WORK ITEM:
The expected output is the first line of the data below and every line after it, up to and including the line containing "fix q1 q2 :: complex", each reproduced exactly.

DATA FOR PROCESSING:
theorem mainTheorem4:
  fixes \<Theta> :: "complex ^ 'n::finite ^ 'n" and \<Gamma> :: "('n pt \<Rightarrow> 'n pt) set" and p :: "'n pt"
  assumes "skew \<Theta>" and "\<Theta> \<noteq> 0"
    and "discrete_subgroup \<Theta> \<Gamma>"
    and "p \<in> siegel_H"
  shows "\<forall>q1 q2. (Re q1 = 0 \<and> (\<exists>\<phi>::nat \<Rightarrow> ('n pt \<Rightarrow> 'n pt). (\<forall>\<nu>. \<phi> \<nu> \<in> \<Gamma>) \<and> inj \<phi>
                        \<and> (\<lambda>\<nu>. \<phi> \<nu> p) \<longlonglongrightarrow> (q1, 0)))
              \<and> (Re q2 = 0 \<and> (\<exists>\<phi>::nat \<Rightarrow> ('n pt \<Rightarrow> 'n pt). (\<forall>\<nu>. \<phi> \<nu> \<in> \<Gamma>) \<and> inj \<phi>
                        \<and> (\<lambda>\<nu>. \<phi> \<nu> p) \<longlonglongrightarrow> (q2, 0)))
              \<longrightarrow> q1 = q2"
proof (intro allI impI, elim conjE exE)
  fix q1 q2 :: complex and \<phi>1 \<phi>2 :: "nat \<Rightarrow> 'n pt \<Rightarrow> 'n pt"
  assume "Re q1 = 0" "\<forall>\<nu>. \<phi>1 \<nu> \<in> \<Gamma>" and lim1: "(\<lambda>\<nu>. \<phi>1 \<nu> p) \<longlonglongrightarrow> (q1, 0)"
    and "Re q2 = 0" "\<forall>\<nu>. \<phi>2 \<nu> \<in> \<Gamma>" and lim2: "(\<lambda>\<nu>. \<phi>2 \<nu> p) \<longlonglongrightarrow> (q2, 0)"
  note disc = \<open>discrete_subgroup \<Theta> \<Gamma>\<close>
  then have sub: "subgroup_Aut \<Theta> \<Gamma>" by (simp add: discrete_subgroup_def)
  note orbit1 = \<open>\<forall>\<nu>. \<phi>1 \<nu> \<in> \<Gamma>\<close>[rule_format] \<open>p \<in> siegel_H\<close> lim1 \<open>Re q1 = 0\<close>
  note orbit2 = \<open>\<forall>\<nu>. \<phi>2 \<nu> \<in> \<Gamma>\<close>[rule_format] \<open>p \<in> siegel_H\<close> lim2 \<open>Re q2 = 0\<close>
  obtain g \<tau> \<sigma> B where "g \<in> \<Gamma>" and g: "acts_as_dilation g \<tau> \<sigma> B" and "\<tau> < 1"
    using orbit_to_axis_contracting_dilation[OF sub orbit1] by blast
  obtain g1 B1 g2 B2 where "g1 \<in> \<Gamma>" "acts_as_dilation g1 \<tau> ((1 - \<tau>) * Im q1) B1"
    and "g2 \<in> \<Gamma>" "acts_as_dilation g2 \<tau> ((1 - \<tau>) * Im q2) B2"
    using orbit_to_axis_conjugate_limit[OF disc orbit1 \<open>g \<in> \<Gamma>\<close> g]
      orbit_to_axis_conjugate_limit[OF disc orbit2 \<open>g \<in> \<Gamma>\<close> g] by blast
  then obtain g' where "g' \<in> \<Gamma>"
    "acts_as_dilation g' 1 (((1 - \<tau>) * Im q2 - (1 - \<tau>) * Im q1) / \<tau>) (ctranspose B1 ** B2)"
    using subgroup_Aut_dilation_quotient[OF sub] by blast
  then have "((1 - \<tau>) * Im q2 - (1 - \<tau>) * Im q1) / \<tau> = 0"
    by (rule orbit_to_axis_no_vertical_translation[OF disc orbit1])
  moreover have "0 < \<tau>" using g by (simp add: acts_as_dilation_def)
  ultimately show "q1 = q2"
    using \<open>\<tau> < 1\<close> \<open>Re q1 = 0\<close> \<open>Re q2 = 0\<close> by (simp add: complex_eq_iff)
qed

end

TASK ANSWER:
theorem mainTheorem4:
  fixes \<Theta> :: "complex ^ 'n::finite ^ 'n" and \<Gamma> :: "('n pt \<Rightarrow> 'n pt) set" and p :: "'n pt"
  assumes "skew \<Theta>" and "\<Theta> \<noteq> 0"
    and "discrete_subgroup \<Theta> \<Gamma>"
    and "p \<in> siegel_H"
  shows "\<forall>q1 q2. (Re q1 = 0 \<and> (\<exists>\<phi>::nat \<Rightarrow> ('n pt \<Rightarrow> 'n pt). (\<forall>\<nu>. \<phi> \<nu> \<in> \<Gamma>) \<and> inj \<phi>
                        \<and> (\<lambda>\<nu>. \<phi> \<nu> p) \<longlonglongrightarrow> (q1, 0)))
              \<and> (Re q2 = 0 \<and> (\<exists>\<phi>::nat \<Rightarrow> ('n pt \<Rightarrow> 'n pt). (\<forall>\<nu>. \<phi> \<nu> \<in> \<Gamma>) \<and> inj \<phi>
                        \<and> (\<lambda>\<nu>. \<phi> \<nu> p) \<longlonglongrightarrow> (q2, 0)))
              \<longrightarrow> q1 = q2"
proof (intro allI impI, elim conjE exE)
  fix q1 q2 :: complex and \<phi>1 \<phi>2 :: "nat \<Rightarrow> 'n pt \<Rightarrow> 'n pt"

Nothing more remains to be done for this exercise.